**Task instructions:** Each line of the data that mentions the string "proof" needs to be identified and copied.

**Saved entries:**
(* Let $\mathsf B=(E,\mapsto,\#)$ be a bundle event structure such that every event $e\in E$ belongs to some finite configuration of $\mathsf B$. Define the net $U=\langle S,E,F,\mathsf m\rangle$ by $S=\{(e,\ast)\mid e\in E\}\cup\{\{e,e'\}\mid e\ \#\ e'\}\cup\{(Y,e)\mid Y\mapsto e\}\cup\{(\ast,e)\mid e\in E\}$, $F=\{(s,e)\mid s=(e,\ast)\ \lor\ s=(Y,e)\ \lor\ (s=\{e,e'\}\text{ for some }e')\}\cup\{(e,s)\mid s=(\ast,e)\ \lor\ (s=(Y,e')\land e\in Y)\}$, $\mathsf m=\{(e,\ast)\mid e\in E\}\cup\{\{e,e'\}\mid e\ \#\ e'\}$ (one token in each listed place). Then $U$ is an unravel net, and a finite set $X\subseteq E$ is a configuration of $\mathsf B$ if and only if $X$ is a state of $U$.
   Context: A bundle event structure is a triple $\mathsf B=(E,\mapsto,\#)$ where $E$ is a set of events, $\#\subseteq E\times E$ is an irreflexive symmetric conflict relation, and $\mapsto\subseteq \mathcal P_{\mathrm{fin}}(E)\times E$ is the enabling (bundle) relation such that if $X\mapsto e$ then any two distinct elements of $X$ are in conflict, and for each $e$ the set $\bigcup\{X\mid X\mapsto e\}$ is finite. A set $X\subseteq E$ is a configuration of $\mathsf B$ if it is conflict free (no two distinct elements in conflict) and there is an enumeration $e_1,e_2,\dots$ of $X$ such that for every $i$ and every bundle $Z\mapsto e_i$ one has $Z\cap\{e_1,\dots,e_{i-1}\}\neq\emptyset$. A net $N=\langle S,T,F,\mathsf m\rangle$ consists of disjoint sets $S$ (places) and $T$ (transitions), flow relation $F\subseteq (S\times T)\cup(T\times S)$ and initial marking $\mathsf m$; ${}^\bullet x=\{y\mid (y,x)\in F\}$, $x^\bullet=\{y\mid (x,y)\in F\}$. A transition $t$ is enabled at marking $m$ if ${}^\bullet t\subseteq m$; firing yields $m-{}^\bullet t+t^\bullet$. A state is the multiset of transitions of a finite firing sequence from $\mathsf m$; $\mathrm{St}(N)$ is the set of states and $\lfloor X\rfloor$ the support of a multiset $X$. A net is safe if every reachable marking has at most one token per place. The subnet generated by $T'\subseteq T$ has transitions $T'$, the places connected by $F$ to some transition of $T'$, and $F$ and $\mathsf m$ restricted accordingly. A net is conflict-free if $|s^\bullet|\le1$ for every place $s$, and acyclic if the reflexive transitive closure of $F$ is a partial order. An unravel net is a safe net $U$ such that (i) for each $X\in\mathrm{St}(U)$ the subnet generated by $\lfloor X\rfloor$ is acyclic and conflict-free, and (ii) every transition belongs to $\lfloor X\rfloor$ for some state $X$. *)

theory Defs
  imports Main "HOL-Library.Multiset"
begin

text \<open>A bundle event structure is given by events E, enabling (bundle) relation bun
  (pairs (X, e) meaning X |-> e) and conflict relation conf.\<close>

definition bes :: "'e set \<Rightarrow> ('e set \<times> 'e) set \<Rightarrow> 'e rel \<Rightarrow> bool" where
  "bes E bun conf \<longleftrightarrow>
     conf \<subseteq> E \<times> E \<and> irrefl conf \<and> sym conf \<and>
     (\<forall>(X, e) \<in> bun. finite X \<and> X \<subseteq> E \<and> e \<in> E) \<and>
     (\<forall>(X, e) \<in> bun. \<forall>x\<in>X. \<forall>y\<in>X. x \<noteq> y \<longrightarrow> (x, y) \<in> conf) \<and>
     (\<forall>e. finite (\<Union>{X. (X, e) \<in> bun}))"

definition conflict_free :: "'e rel \<Rightarrow> 'e set \<Rightarrow> bool" where
  "conflict_free conf X \<longleftrightarrow> (\<forall>x\<in>X. \<forall>y\<in>X. x \<noteq> y \<longrightarrow> (x, y) \<notin> conf)"

text \<open>Configuration: conflict free, and there is an enumeration e_0, e_1, ... (finite or
  infinite, indexed by a down-closed set I of naturals) such that every bundle of e_i
  meets the set of earlier events.\<close>

definition bes_config :: "'e set \<Rightarrow> ('e set \<times> 'e) set \<Rightarrow> 'e rel \<Rightarrow> 'e set \<Rightarrow> bool" where
  "bes_config E bun conf X \<longleftrightarrow>
     X \<subseteq> E \<and> conflict_free conf X \<and>
     (\<exists>(f :: nat \<Rightarrow> 'e) (I :: nat set).
        (\<forall>i\<in>I. \<forall>j<i. j \<in> I) \<and> bij_betw f I X \<and>
        (\<forall>i\<in>I. \<forall>Z. (Z, f i) \<in> bun \<longrightarrow> Z \<inter> f ` {..<i} \<noteq> {}))"

text \<open>Places of type 'p and transitions of type 't (hence disjoint); the flow relation
  lives on the disjoint union of nodes; markings are functions to nat (possibly
  infinitely many tokens in total).\<close>

record ('p, 't) net =
  places :: "'p set"
  trans :: "'t set"
  flow :: "('p + 't) rel"
  init :: "'p \<Rightarrow> nat"

type_synonym 'p marking = "'p \<Rightarrow> nat"

definition is_net :: "('p, 't) net \<Rightarrow> bool" where
  "is_net N \<longleftrightarrow>
     flow N \<subseteq> (Inl ` places N \<times> Inr ` trans N) \<union> (Inr ` trans N \<times> Inl ` places N) \<and>
     (\<forall>s. init N s > 0 \<longrightarrow> s \<in> places N)"

definition preset :: "('p, 't) net \<Rightarrow> 't \<Rightarrow> 'p set" where
  "preset N t = {s. (Inl s, Inr t) \<in> flow N}"

definition postset :: "('p, 't) net \<Rightarrow> 't \<Rightarrow> 'p set" where
  "postset N t = {s. (Inr t, Inl s) \<in> flow N}"

definition enabled :: "('p, 't) net \<Rightarrow> 'p marking \<Rightarrow> 't \<Rightarrow> bool" where
  "enabled N m t \<longleftrightarrow> t \<in> trans N \<and> (\<forall>s \<in> preset N t. 1 \<le> m s)"

definition fire :: "('p, 't) net \<Rightarrow> 'p marking \<Rightarrow> 't \<Rightarrow> 'p marking" where
  "fire N m t = (\<lambda>s. m s - (if s \<in> preset N t then 1 else 0)
                      + (if s \<in> postset N t then 1 else 0))"

fun fireseq :: "('p, 't) net \<Rightarrow> 'p marking \<Rightarrow> 't list \<Rightarrow> 'p marking \<Rightarrow> bool" where
  "fireseq N m [] m' \<longleftrightarrow> m' = m"
| "fireseq N m (t # ts) m' \<longleftrightarrow> enabled N m t \<and> fireseq N (fire N m t) ts m'"

definition reachable :: "('p, 't) net \<Rightarrow> 'p marking set" where
  "reachable N = {m. \<exists>ts. fireseq N (init N) ts m}"

definition states :: "('p, 't) net \<Rightarrow> 't multiset set" where
  "states N = {mset ts | ts. \<exists>m. fireseq N (init N) ts m}"

definition safe :: "('p, 't) net \<Rightarrow> bool" where
  "safe N \<longleftrightarrow> (\<forall>m \<in> reachable N. \<forall>s. m s \<le> 1)"

definition subnet :: "('p, 't) net \<Rightarrow> 't set \<Rightarrow> ('p, 't) net" where
  "subnet N T' =
     (let P' = {s \<in> places N. \<exists>t\<in>T'. (Inl s, Inr t) \<in> flow N \<or> (Inr t, Inl s) \<in> flow N}
      in \<lparr> places = P', trans = T',
           flow = flow N \<inter> ((Inl ` P' \<times> Inr ` T') \<union> (Inr ` T' \<times> Inl ` P')),
           init = (\<lambda>s. if s \<in> P' then init N s else 0) \<rparr>)"

definition net_conflict_free :: "('p, 't) net \<Rightarrow> bool" where
  "net_conflict_free N \<longleftrightarrow>
     (\<forall>s \<in> places N. \<forall>t1 t2. (Inl s, Inr t1) \<in> flow N \<and> (Inl s, Inr t2) \<in> flow N \<longrightarrow> t1 = t2)"

text \<open>Acyclic: the reflexive transitive closure of F is a partial order (it is always
  reflexive and transitive, so this amounts to antisymmetry).\<close>
definition net_acyclic :: "('p, 't) net \<Rightarrow> bool" where
  "net_acyclic N \<longleftrightarrow> antisym ((flow N)\<^sup>*)"

definition unravel_net :: "('p, 't) net \<Rightarrow> bool" where
  "unravel_net N \<longleftrightarrow>
     is_net N \<and> safe N \<and>
     (\<forall>X \<in> states N. net_acyclic (subnet N (set_mset X)) \<and>
                      net_conflict_free (subnet N (set_mset X))) \<and>
     (\<forall>t \<in> trans N. \<exists>X \<in> states N. t \<in># X)"

text \<open>PPre e = (e,*),  PConf {e,e'} = {e,e'},  PBun Y e = (Y,e),  PPost e = (*,e).\<close>
datatype 'e bplace = PPre 'e | PConf "'e set" | PBun "'e set" 'e | PPost 'e

definition bes_net :: "'e set \<Rightarrow> ('e set \<times> 'e) set \<Rightarrow> 'e rel \<Rightarrow> ('e bplace, 'e) net" where
  "bes_net E bun conf =
     \<lparr> places = PPre ` E \<union> {PConf {e, e'} | e e'. (e, e') \<in> conf}
               \<union> {PBun Y e | Y e. (Y, e) \<in> bun} \<union> PPost ` E,
       trans = E,
       flow = {(Inl s, Inr e) | s e. e \<in> E \<and>
                 (s = PPre e \<or> (\<exists>Y. s = PBun Y e \<and> (Y, e) \<in> bun)
                  \<or> (\<exists>e'. s = PConf {e, e'} \<and> (e, e') \<in> conf))}
            \<union> {(Inr e, Inl s) | s e. e \<in> E \<and>
                 (s = PPost e \<or> (\<exists>Y e'. s = PBun Y e' \<and> (Y, e') \<in> bun \<and> e \<in> Y))},
       init = (\<lambda>s. if s \<in> PPre ` E \<union> {PConf {e, e'} | e e'. (e, e') \<in> conf} then 1 else 0) \<rparr>"

end

theory Submission
  imports Defs
begin

text \<open>The places of the net record the progress of a run: (e,*) is marked while e has not
  occurred, {e,e'} while neither e nor e' has, (Y,e) once some event of Y but not yet e has
  occurred, and (*,e) once e has. Hence the marking reached by a firing sequence depends only on
  its events, and an event is enabled exactly when appending it keeps the sequence a trace of
  the bundle event structure: it has not occurred, it conflicts with no occurred event, and each
  of its bundles has been hit. So the states are the multisets of traces, that is, the finite
  configurations. In the subnet generated by a trace, no conflict place feeds two of its events;
  and since the events of a bundle Y of e are pairwise in conflict, an event of Y occurring in a
  trace that contains e must precede e. So the flow strictly increases positions in the trace,
  and the subnet is acyclic.\<close>

lemma fireseq_snoc:
  "fireseq N m (ts @ [t]) m' \<longleftrightarrow> (\<exists>m''. fireseq N m ts m'' \<and> enabled N m'' t \<and> m' = fire N m'' t)"
  by (induction ts arbitrary: m) auto

lemma finite_down_closed_eq_lessThan:
  fixes I :: "nat set"
  assumes "finite I" "\<forall>i\<in>I. \<forall>j<i. j \<in> I"
  shows "I = {..<card I}"
proof
  show "I \<subseteq> {..<card I}"
  proof
    fix i assume "i \<in> I"
    then have "{..i} \<subseteq> I"
      using assms(2) by (auto simp: le_less)
    then have "card {..i} \<le> card I"
      by (rule card_mono[OF assms(1)])
    then show "i \<in> {..<card I}"
      by simp
  qed
  show "{..<card I} \<subseteq> I"
  proof
    fix j assume j: "j \<in> {..<card I}"
    show "j \<in> I"
    proof (rule ccontr)
      assume "j \<notin> I"
      have "I \<subseteq> {..<j}"
      proof
        fix i assume "i \<in> I"
        with \<open>j \<notin> I\<close> assms(2) have "\<not> j \<le> i"
          by (metis le_neq_implies_less)
        then show "i \<in> {..<j}"
          by simp
      qed
      then show False
        using j card_mono[of "{..<j}" I] by simp
    qed
  qed
qed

**Completed exercise:**
proof
  proof
  proof
    proof (rule ccontr)
      proof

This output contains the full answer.